In a matter of days, most of the restrictions we’ve been living under will be lifted. One of these is the recommendation to work from home; the government will leave it up to employers to decide whether they continue with remote working, a hybrid arrangement, or if they insist that the entire workforce returns to the office.


Of course, there are many industries whose employees have never changed their working arrangements, because they cover key services or they’re front-facing/work directly with the public. Office workers and employees in other sectors, however, have been able to work from home during the pandemic, though this may now change.


So, are we all raring to return to the office?


Woman slightly bored in the office

Opinion is still divided. There are those that relish being back in the office, whilst others are counting down the days to returning with a sense of dread. There have even been some who have handed in their notice when asked to return to their employers’ headquarters, such is their desire to continue working from home.


I read about one household, where the husband had been working remotely for the last fifteen months. There wasn’t much space in their home, and he’d been working from a desk in the corner of their lounge. He was in no rush to go back to his employer’s; however, the rest of the family were desperate for things to return to normal. The kids, who were instructed not to make any noise during working hours. The wife, who wanted to use the lounge during the day as a family room, but who was instead relegated to the kitchen. In their situation, the husband/father permanently working from home would be disastrous, even if he couldn’t see it himself. Few people, back in March 2020, would have foreseen the length of time the pandemic would impact our daily lives. Initially, arrangements like this family had to endure may have been tolerable, because they were deemed to be short-term—but living like they do, day in, day out, year upon year…it’s not realistic.


I’ve also seen a number of discussions online about employers who promised a hybrid approach to working when things returned to normal, i.e. a few days at home and a few days in the office, but who have now reneged on such agreements.

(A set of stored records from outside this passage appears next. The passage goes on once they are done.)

(* Let $\mathbb G=V_1\times V_2$ be a step-two Carnot group and let $f\in\mathcal A_h(\mathbb G)$. Assume in addition that $f$ is $V_2$-affine, i.e. for every $(x,z)\in\mathbb G$ and $z'\in V_2$ the map $t\in\mathbb R\mapsto f(x,z+tz')$ is affine. Then there are an affine map $a\in\mathcal A(V_1\times V_2)$ and a bilinear map $b:V_1\times V_2\to\mathbb R$ such that $b(x,[x,x'])=0$ for all $x,x'\in V_1$ and $f(x,z)=a(x,z)+b(x,z)$ for all $(x,z)\in\mathbb G$.
   Context: A step-two Carnot group is $\mathbb G=V_1\times V_2$, where $V_1,V_2$ are finite-dimensional real vector spaces with $V_2\neq\{0\}$, equipped with a bilinear skew-symmetric map $[\cdot,\cdot]:V_1\times V_1\to V_2$ with $\operatorname{span}\{[x,x']:x,x'\in V_1\}=V_2$, and group law $(x,z)\cdot(x',z')=(x+x',z+z'+[x,x'])$. $\mathcal A_h(\mathbb G)$ is the space of $h$-affine maps $f:\mathbb G\to\mathbb R$, i.e. such that for all $(x,z)\in\mathbb G$, $y\in V_1$, $t\mapsto f((x,z)\cdot(ty,0))$ is affine. $\mathcal A(V_1\times V_2)$ denotes the maps affine in the usual sense on the vector space $V_1\times V_2$. *)

theory Defs
  imports "HOL-Analysis.Analysis"
begin

text \<open>V1, V2 are finite-dimensional real vector spaces (euclidean_space types;
  such types are never the zero space, so V2 \<noteq> {0} holds automatically).\<close>
definition step2_carnot :: "('a::euclidean_space \<Rightarrow> 'a \<Rightarrow> 'b::euclidean_space) \<Rightarrow> bool" where
  "step2_carnot br \<longleftrightarrow> bilinear br \<and> (\<forall>x y. br x y = - br y x)
     \<and> span {br x y | x y. True} = UNIV"

definition carnot_mult :: "('a::euclidean_space \<Rightarrow> 'a \<Rightarrow> 'b::euclidean_space)
   \<Rightarrow> 'a \<times> 'b \<Rightarrow> 'a \<times> 'b \<Rightarrow> 'a \<times> 'b" where
  "carnot_mult br p q = (fst p + fst q, snd p + snd q + br (fst p) (fst q))"

definition affine_fun_real :: "(real \<Rightarrow> real) \<Rightarrow> bool" where
  "affine_fun_real g \<longleftrightarrow> (\<exists>\<alpha> \<beta>. \<forall>t. g t = \<alpha> * t + \<beta>)"

definition affine_map :: "('v::real_vector \<Rightarrow> real) \<Rightarrow> bool" where
  "affine_map a \<longleftrightarrow> (\<exists>l c. linear l \<and> (\<forall>p. a p = l p + c))"

definition h_affine :: "('a::euclidean_space \<Rightarrow> 'a \<Rightarrow> 'b::euclidean_space)
   \<Rightarrow> ('a \<times> 'b \<Rightarrow> real) \<Rightarrow> bool" where
  "h_affine br f \<longleftrightarrow> (\<forall>p y. affine_fun_real (\<lambda>t. f (carnot_mult br p (t *\<^sub>R y, 0))))"

definition V2_affine :: "('a::euclidean_space \<times> 'b::euclidean_space \<Rightarrow> real) \<Rightarrow> bool" where
  "V2_affine f \<longleftrightarrow> (\<forall>x z z'. affine_fun_real (\<lambda>t. f (x, z + t *\<^sub>R z')))"

end

theory Submission
  imports Defs
begin

text \<open>Along the fibres \<open>{x} \<times> V\<^sub>2\<close> the function is affine, and along horizontal lines the
  fibrewise linear parts vary affinely; this gives \<open>f(x,z) = c(x) + B(x,z) + \<mu>(z)\<close> with
  \<open>B\<close> bilinear and \<open>\<mu>\<close> linear. Restricted to the horizontal line \<open>t \<mapsto> (p,0)\<cdot>(ty,0)\<close>,
  h-affinity then says that \<open>c(p + ty) + t\<^sup>2 B(y,[p,y])\<close> is affine in \<open>t\<close>. For \<open>p = 0\<close> this
  makes \<open>c\<close> affine on lines through the origin, so \<open>c(2x) - c(0) = 2(c(x) - c(0))\<close>; the
  correction term, however, is homogeneous of degree three in \<open>(p,y)\<close>. Comparing the lines
  through \<open>p\<close> and \<open>2p\<close> therefore forces \<open>B(y,[p,y]) = 0\<close>, after which \<open>c\<close> is affine.\<close>

lemma affine_fun_real_iff: "affine_fun_real g \<longleftrightarrow> (\<forall>t. g t = g 0 + t * (g 1 - g 0))"
proof
  assume "affine_fun_real g"
  then obtain \<alpha> \<beta> where "\<And>t. g t = \<alpha> * t + \<beta>"
    unfolding affine_fun_real_def by blast
  then show "\<forall>t. g t = g 0 + t * (g 1 - g 0)"
    by (simp add: algebra_simps)
next
  assume "\<forall>t. g t = g 0 + t * (g 1 - g 0)"
  then show "affine_fun_real g"
    unfolding affine_fun_real_def by (metis add.commute mult.commute)
qed

lemma affine_fun_real_diff:
  assumes "affine_fun_real g" "affine_fun_real h"
  shows "affine_fun_real (\<lambda>t. g t - h t)"
proof -
  obtain \<alpha> \<beta> \<alpha>' \<beta>' where "\<And>t. g t = \<alpha> * t + \<beta>" "\<And>t. h t = \<alpha>' * t + \<beta>'"
    using assms unfolding affine_fun_real_def by metis
  then have "\<And>t. g t - h t = (\<alpha> - \<alpha>') * t + (\<beta> - \<beta>')"
    by (simp add: algebra_simps)
  then show ?thesis
    unfolding affine_fun_real_def by blast
qed

lemma affine_fun_real_linear: "affine_fun_real (\<lambda>t. k * t)"
  unfolding affine_fun_real_def by (metis add_0_right)

lemma affine_fun_real_scale:
  assumes "affine_fun_real g"
  shows "affine_fun_real (\<lambda>t. k * g t)"
  using assms unfolding affine_fun_real_def by (metis distrib_left mult.assoc)

lemma affine_fun_real_quadratic_imp_zero:
  assumes "affine_fun_real (\<lambda>t. a * t\<^sup>2 + b * t + c)"
  shows "a = 0"
  using assms[unfolded affine_fun_real_iff, rule_format, of "-1"] by simp

lemma affine_on_lines_imp_linear:
  fixes g :: "'v::real_vector \<Rightarrow> real"
  assumes lines: "\<And>p u. affine_fun_real (\<lambda>t. g (p + t *\<^sub>R u))"
  shows "linear (\<lambda>z. g z - g 0)"
proof -
  have ray: "g (t *\<^sub>R u) = g 0 + t * (g u - g 0)" for t u
    using lines[of 0 u] by (simp add: affine_fun_real_iff)
  show ?thesis
  proof (rule linearI)
    fix z w :: 'v
    have "g (2 *\<^sub>R z + (1/2) *\<^sub>R (2 *\<^sub>R w - 2 *\<^sub>R z))
        = g (2 *\<^sub>R z) + (1/2) * (g (2 *\<^sub>R w) - g (2 *\<^sub>R z))"
      using lines[of "2 *\<^sub>R z" "2 *\<^sub>R w - 2 *\<^sub>R z"] by (simp add: affine_fun_real_iff)
    moreover have "2 *\<^sub>R z + (1/2) *\<^sub>R (2 *\<^sub>R w - 2 *\<^sub>R z) = z + w"
      by (simp add: scaleR_diff_right) (simp add: scaleR_2 algebra_simps)
    ultimately show "g (z + w) - g 0 = (g z - g 0) + (g w - g 0)"
      by (simp add: ray field_simps)
  qed (simp add: ray)
qed

lemma carnot_mult_horizontal:
  assumes "bilinear br"
  shows "carnot_mult br (x, z) (t *\<^sub>R y, 0) = (x + t *\<^sub>R y, z + t *\<^sub>R br x y)"
  by (simp add: carnot_mult_def bilinear_rmul[OF assms])

lemma h_affine_along_horizontal_line:
  assumes "h_affine br f" "bilinear br"
  shows "affine_fun_real (\<lambda>t. f (x + t *\<^sub>R y, z + t *\<^sub>R br x y))"
  using assms(1) unfolding h_affine_def
  by (simp only: carnot_mult_horizontal[OF assms(2), symmetric])

lemma V2_affine_fibre_linear:
  assumes "V2_affine f"
  shows "linear (\<lambda>z. f (x, z) - f (x, 0))"
  using affine_on_lines_imp_linear[of "\<lambda>z. f (x, z)"] assms by (simp add: V2_affine_def)

lemma h_affine_V2_affine_decomposition:
  assumes "bilinear br" "h_affine br f" "V2_affine f"
  obtains c B \<mu> where "bilinear B" "linear \<mu>" "\<And>x z. f (x, z) = c x + B x z + \<mu> z"
proof -
  define l where "l x z = f (x, z) - f (x, 0)" for x z
  have l_linear: "linear (l x)" for x
    using V2_affine_fibre_linear[OF assms(3)] by (simp add: l_def[abs_def])
  have "f (p, z + v) - f (p, 0 + v) = l p z" for p v z
    using linear_add[OF l_linear[of p], of z v] unfolding l_def by simp
  then have "affine_fun_real (\<lambda>t. l (x + t *\<^sub>R y) z)" for x y z
    using affine_fun_real_diff[OF h_affine_along_horizontal_line[OF assms(2,1)]
        h_affine_along_horizontal_line[OF assms(2,1)], of x y z x y 0]
    by simp
  then have "linear (\<lambda>x. l x z - l 0 z)" for z
    by (intro affine_on_lines_imp_linear)
  moreover have "linear (\<lambda>z. l x z - l 0 z)" for x
    using linear_compose_sub[OF l_linear l_linear] by simp
  ultimately have "bilinear (\<lambda>x z. l x z - l 0 z)"
    unfolding bilinear_def by simp
  moreover have "f (x, z) = f (x, 0) + (l x z - l 0 z) + l 0 z" for x z
    by (simp add: l_def)
  ultimately show ?thesis
    using that[of "\<lambda>x z. l x z - l 0 z" "l 0" "\<lambda>x. f (x, 0)"] l_linear by blast
qed

lemma h_affine_decomposition_along_horizontal_line:
  assumes "bilinear br" "h_affine br f" "bilinear B" "linear \<mu>"
    and f: "\<And>x z. f (x, z) = c x + B x z + \<mu> z"
  shows "affine_fun_real (\<lambda>t. c (p + t *\<^sub>R y) + B y (br p y) * t\<^sup>2)"
proof -
  have "f (p + t *\<^sub>R y, 0 + t *\<^sub>R br p y)
      = c (p + t *\<^sub>R y) + B y (br p y) * t\<^sup>2 + (B p (br p y) + \<mu> (br p y)) * t" for t
    by (simp add: f bilinear_ladd[OF assms(3)] bilinear_lmul[OF assms(3)] bilinear_rmul[OF assms(3)]
        linear_scale[OF assms(4)] power2_eq_square algebra_simps)
  then show ?thesis
    using affine_fun_real_diff[OF h_affine_along_horizontal_line[OF assms(2,1)]
        affine_fun_real_linear, of p y 0 "B p (br p y) + \<mu> (br p y)"]
    by simp
qed

lemma horizontal_cubic_term_vanishes:
  fixes c :: "'a::real_vector \<Rightarrow> real"
  assumes "bilinear br" "bilinear B"
    and lines: "\<And>p y. affine_fun_real (\<lambda>t. c (p + t *\<^sub>R y) + B y (br p y) * t\<^sup>2)"
  shows "B y (br p y) = 0"
proof -
  have ray: "c (s *\<^sub>R x) = c 0 + s * (c x - c 0)" for s x
    using lines[of 0 x]
    by (simp add: affine_fun_real_iff bilinear_lzero[OF assms(1)] bilinear_rzero[OF assms(2)])
  have cubic: "B (2 *\<^sub>R y) (br (2 *\<^sub>R p) (2 *\<^sub>R y)) = 8 * B y (br p y)"
    by (simp add: bilinear_lmul[OF assms(1)] bilinear_rmul[OF assms(1)]
        bilinear_lmul[OF assms(2)] bilinear_rmul[OF assms(2)])
  have "(\<lambda>t. c (2 *\<^sub>R p + t *\<^sub>R 2 *\<^sub>R y) + B (2 *\<^sub>R y) (br (2 *\<^sub>R p) (2 *\<^sub>R y)) * t\<^sup>2
          - 2 * (c (p + t *\<^sub>R y) + B y (br p y) * t\<^sup>2))
      = (\<lambda>t. 6 * B y (br p y) * t\<^sup>2 + 0 * t + - c 0)"
  proof
    fix t
    have "c (2 *\<^sub>R p + t *\<^sub>R 2 *\<^sub>R y) = 2 * c (p + t *\<^sub>R y) - c 0"
      using ray[of 2 "p + t *\<^sub>R y"] by (simp add: scaleR_add_right mult.commute)
    then show "c (2 *\<^sub>R p + t *\<^sub>R 2 *\<^sub>R y) + B (2 *\<^sub>R y) (br (2 *\<^sub>R p) (2 *\<^sub>R y)) * t\<^sup>2
        - 2 * (c (p + t *\<^sub>R y) + B y (br p y) * t\<^sup>2) = 6 * B y (br p y) * t\<^sup>2 + 0 * t + - c 0"
      by (simp add: cubic algebra_simps)
  qed
  then have "affine_fun_real (\<lambda>t. 6 * B y (br p y) * t\<^sup>2 + 0 * t + - c 0)"
    using affine_fun_real_diff[OF lines affine_fun_real_scale[OF lines], of "2 *\<^sub>R p" "2 *\<^sub>R y" 2 p y]
    by simp
  then have "6 * B y (br p y) = 0"
    by (rule affine_fun_real_quadratic_imp_zero)
  then show ?thesis
    by simp
qed

theorem proposition3p4:
  fixes br :: "'a::euclidean_space \<Rightarrow> 'a \<Rightarrow> 'b::euclidean_space"
    and f :: "'a \<times> 'b \<Rightarrow> real"
  assumes "step2_carnot br"
    and "h_affine br f"
    and "V2_affine f"
  shows "\<exists>a b. affine_map a \<and> bilinear b
           \<and> (\<forall>x x'. b x (br x x') = 0)
           \<and> (\<forall>x z. f (x, z) = a (x, z) + b x z)"
proof -
  have br: "bilinear br" and skew: "\<And>x y. br x y = - br y x"
    using assms(1) unfolding step2_carnot_def by blast+
  obtain c B \<mu> where B: "bilinear B" and \<mu>: "linear \<mu>"
    and f: "\<And>x z. f (x, z) = c x + B x z + \<mu> z"
    using h_affine_V2_affine_decomposition[OF br assms(2,3)] by metis
  have lines: "affine_fun_real (\<lambda>t. c (p + t *\<^sub>R y) + B y (br p y) * t\<^sup>2)" for p y
    using h_affine_decomposition_along_horizontal_line[OF br assms(2) B \<mu> f] .
  have cubic_zero: "B y (br p y) = 0" for p y
    using horizontal_cubic_term_vanishes[OF br B lines] .
  have "linear (\<lambda>x. c x - c 0)"
    using lines by (intro affine_on_lines_imp_linear) (simp add: cubic_zero)
  then have "linear (\<lambda>q. (c (fst q) - c 0) + \<mu> (snd q))"
    using \<mu> by (auto simp: linear_iff algebra_simps)
  then have "affine_map (\<lambda>q. c (fst q) + \<mu> (snd q))"
    unfolding affine_map_def by (intro exI[of _ "c 0"] exI conjI allI) auto
  moreover have "B x (br x x') = 0" for x x'
    using cubic_zero[of x x'] by (simp add: skew[of x x'] bilinear_rneg[OF B])
  ultimately show ?thesis
    using B f by (intro exI[of _ "\<lambda>q. c (fst q) + \<mu> (snd q)"] exI[of _ B]) auto
qed

end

Other companies have gone as far as to ask their employees what they would like, with regards to their working situation, before deciding that everyone must be office based—despite the fact their employees had overwhelmingly plumped for remote/hybrid working. You would, in their position, think, ‘What was the point of all that?!’

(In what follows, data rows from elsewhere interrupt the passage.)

(* Let $\vec r\in\mathbb Z^n$. For every $\sigma,\tau\in H_{\vec r}$, $$\varphi_{\vec r}(\sigma)\varphi_{\vec r}(\tau)=\varphi_{\vec r}(\sigma\tau)\,\psi_{\vec r}(\sigma,\tau).$$ Consequently, the restriction of $\psi_{\vec r}$ to $H_{\vec r}\times H_{\vec r}$ is a 2-cocycle on $H_{\vec r}$ with values in $\mathbb T$.
   Context: $n\ge2$, $\theta\in M_n(\mathbb R)$ skew-symmetric, $\omega_{ij}=e^{2\pi i\theta_{ij}}$. $S_n$ acts on $\mathbb Z^n$ by $\sigma\vec r=(r_{\sigma^{-1}(1)},\dots,r_{\sigma^{-1}(n)})$; $H_{\vec r}=\{\sigma\in S_n:\sigma\vec r=\vec r\}$. For $\sigma,\tau\in S_n$: $\vartheta_{\vec r}(\sigma,\tau)=\prod_{i<j,\ \sigma(i)>\sigma(j)}(\omega_{\tau^{-1}(j),\tau^{-1}(i)})^{r_{\sigma(i)}r_{\sigma(j)}}$; $\psi_{\vec r}(\sigma,\tau)=\overline{\vartheta_{\vec r}(\sigma,e)}\,\vartheta_{\vec r}(\sigma,\tau)$ ($e$ the identity permutation); $\varphi_{\vec r}(\sigma)=\overline{\vartheta_{\vec r}(\sigma,e)}$ for $\sigma\in H_{\vec r}$. A 2-cocycle on a group $G$ with values in an abelian group is a function $\psi:G\times G\to A$ with $\psi(g,e)=\psi(e,g)=1$ and $\psi(g,h)\psi(gh,k)=\psi(g,hk)\psi(h,k)$ for all $g,h,k$. *)

theory Defs
  imports Complex_Main "HOL-Combinatorics.Permutations" "HOL-Algebra.Group"
begin

text \<open>Indices run over {1..n}; permutations are bijections permuting {1..n}.\<close>

definition omega :: "(nat \<Rightarrow> nat \<Rightarrow> real) \<Rightarrow> nat \<Rightarrow> nat \<Rightarrow> complex" where
  "omega \<theta> i j = exp (2 * complex_of_real pi * imaginary_unit * complex_of_real (\<theta> i j))"

definition perm_act :: "(nat \<Rightarrow> nat) \<Rightarrow> (nat \<Rightarrow> int) \<Rightarrow> (nat \<Rightarrow> int)" where
  "perm_act \<sigma> r = (\<lambda>i. r (inv_into UNIV \<sigma> i))"

definition Hr :: "nat \<Rightarrow> (nat \<Rightarrow> int) \<Rightarrow> (nat \<Rightarrow> nat) set" where
  "Hr n r = {\<sigma>. \<sigma> permutes {1..n} \<and> (\<forall>i\<in>{1..n}. perm_act \<sigma> r i = r i)}"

As someone who isn’t as productive when working from home (I have a lovely, separate office, and no kids to keep quiet—I’m just very easily distracted), I’m happy to work from my employers’ offices. I just need scientists to invent teleporters to get rid of my commute, then life would be perfect. This is my personal choice from a privileged position; had my girls still been toddlers that needed to be silenced for eight hours a day, or I was required to be productive, sat on my bed, my laptop on my knees, for the full working day, I’m not sure I’d want to be a homeworker. I truly sympathise with the family mentioned above, and many others across the country who may be at loggerheads over the issue. The question of whether to return to the office, in my opinion, is not just one for the employee, but of their whole family if the decision is likely to impact everyone in the house.

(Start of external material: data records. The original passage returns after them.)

lemma first_derivative_bound:
  fixes x y H P a A1 b1 :: real
  assumes x: "0 < x" and y: "0 < y" and H: "0 \<le> H" and P: "0 \<le> P"
    and a: "0 \<le> a" "a \<le> 1" and t: "x * H / y \<le> (1 - a) / 2"
    and A1: "\<bar>A1\<bar> \<le> b1 / y * P" and b1: "1 \<le> b1"
  shows "\<bar>- a * H / x * P + H * H * A1\<bar> \<le> b1 / x * (H * P)"
proof -
  define t where "t = x * H / y"
  define K where "K = H * P / x ^ 1"
  have "0 \<le> K" using x H P by (simp add: K_def)
  have T0: "\<bar>- a / x ^ 1 * H ^ Suc 0 * P\<bar> \<le> a * (1 * t ^ 0) * K"
    by (rule weighted_term_bound[OF x y H _ _ t_def K_def]) (use a P in simp_all)
  have T1: "\<bar>1 / x ^ 0 * H ^ Suc 1 * A1\<bar> \<le> 1 * (b1 * t ^ 1) * K"
    by (rule weighted_term_bound[OF x y H _ _ t_def K_def]) (use A1 in simp_all)
  have "b1 * t \<le> b1 * ((1 - a) / 2)"
    using b1 t by (intro mult_left_mono) (auto simp: t_def)
  moreover have "1 * (1 + a) \<le> b1 * (1 + a)"
    using b1 a by (intro mult_right_mono) auto
  \<comment> \<open>\<open>t \<le> 1 / 2\<close> would not suffice here: for \<open>b1 = 1\<close> the term \<open>a K\<close> coming from
    the weight itself is absorbed only thanks to the margin \<open>(1 - a) / 2\<close>.\<close>
  ultimately have "a + b1 * t \<le> b1" using a(2) by (simp add: algebra_simps)
  have "\<bar>- a * H / x * P + H * H * A1\<bar> = \<bar>- a / x ^ 1 * H ^ Suc 0 * P + 1 / x ^ 0 * H ^ Suc 1 * A1\<bar>"
    by (simp add: power2_eq_square)
  also have "\<dots> \<le> \<bar>- a / x ^ 1 * H ^ Suc 0 * P\<bar> + \<bar>1 / x ^ 0 * H ^ Suc 1 * A1\<bar>"
    by (rule abs_triangle_ineq)
  also have "\<dots> \<le> a * (1 * t ^ 0) * K + 1 * (b1 * t ^ 1) * K"
    using T0 T1 by (rule add_mono)
  also have "\<dots> \<le> b1 * K"
    using mult_right_mono[OF \<open>a + b1 * t \<le> b1\<close> \<open>0 \<le> K\<close>] by (simp add: algebra_simps)
  finally show ?thesis by (simp add: K_def)
qed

If an employee doesn’t agree with their employer’s decision to return to the office, of course, they are free to vote with their feet and find another position that is happy to accommodate them; that said, the job market is not quite as easy to conquer as it may have been, pre-pandemic.


Whether a key worker or home worker, it’s not really a case of ‘back to the grindstone’. It’s been bloody hard work for most people these last fifteen months…did we ever leave the grindstone to return to it?